SENTENCING THE ELDERLY – AN ACT OF MERCY OR DISCRIMINATION? S v Phillips (unreported, DCLD), case no CC141/08
Keywords:advanced age, elderly offender, sentencing the elderly, concept of mercy, free pardon, parole
In 2008, the authors’ note on advanced age as a mitigating factor in the South African criminal courts set out the Roman-Dutch history and the South African case law with regard to this issue. Brief reference was made to the position of the elderly offender in the Zimbabwean, English and Australian jurisdictions. The aim of this note is not to repeat what was said before, but to provide a wider perspective on the pertinent issues relating to sentencing the elderly (a contested term, but for present purposes referring to offenders over the age of 60), especially the concept of mercy. It should be reiterated that old age does not exclude criminal liability, but it can serve as one of many mitigating factors during sentencing although it is not a bar to imprisonment. The case of S v Phillips is no exception.
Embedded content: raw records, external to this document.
definition rays :: "('a meas \<times> 'a meas) set \<Rightarrow> ('a meas \<times> 'a meas) set" where
  "rays P = {pscale c u | c u. 0 \<le> c \<and> u \<in> P}"

lemma mem_hatP_iff:
  "u \<in> hatP P \<longleftrightarrow> u \<in> Vsp \<and> (\<forall>F e. finite F \<longrightarrow> F \<subseteq> cfuns \<longrightarrow> 0 < e \<longrightarrow> (\<exists>v\<in>rays P. close_on F e u v))"
  by (auto simp: hatP_def wclosure_def close_on_def rays_def)

lemma close_on_trans:
  assumes "close_on F d u v" "close_on F d' v w"
  shows "close_on F (d + d') u w"
  unfolding close_on_def
proof
  fix f assume "f \<in> F"
  then have "\<bar>fst u f - fst v f\<bar> < d" "\<bar>snd u f - snd v f\<bar> < d"
    "\<bar>fst v f - fst w f\<bar> < d'" "\<bar>snd v f - snd w f\<bar> < d'"
    using assms unfolding close_on_def by auto
  then show "\<bar>fst u f - fst w f\<bar> < d + d' \<and> \<bar>snd u f - snd w f\<bar> < d + d'" by arith
qed

lemma close_on_pscale:
  assumes "0 < c" "close_on F (e / c) u v"
  shows "close_on F e (pscale c u) (pscale c v)"
  unfolding close_on_def
proof
  have scaled: "\<bar>c * a - c * b\<bar> < e" if "\<bar>a - b\<bar> < e / c" for a b
  proof -
    have "\<bar>c * a - c * b\<bar> = c * \<bar>a - b\<bar>" using assms(1) by (simp add: abs_mult flip: right_diff_distrib)
    also have "\<dots> < c * (e / c)" using that assms(1) by (intro mult_strict_left_mono)
    finally show ?thesis using assms(1) by simp
  qed
  fix f assume "f \<in> F"
  then show "\<bar>fst (pscale c u) f - fst (pscale c v) f\<bar> < e \<and> \<bar>snd (pscale c u) f - snd (pscale c v) f\<bar> < e"
    using assms(2) scaled unfolding close_on_def by (simp add: pscale_def mscale_def)
qed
The structure of this note is the following: it commences with a discussion of the Phillips judgment and to place it within a general problematic sentencing framework vis-a-vis the elderly. The concept of mercy is then examined in light of recent Commonwealth jurisprudence; whereafter parallels are drawn between the sentencing of a battered wife and the sentencing of a battered geriatric. The note concludes with a brief mention of the post-sentencing options available to an offender in the form of mercy and as well as parole.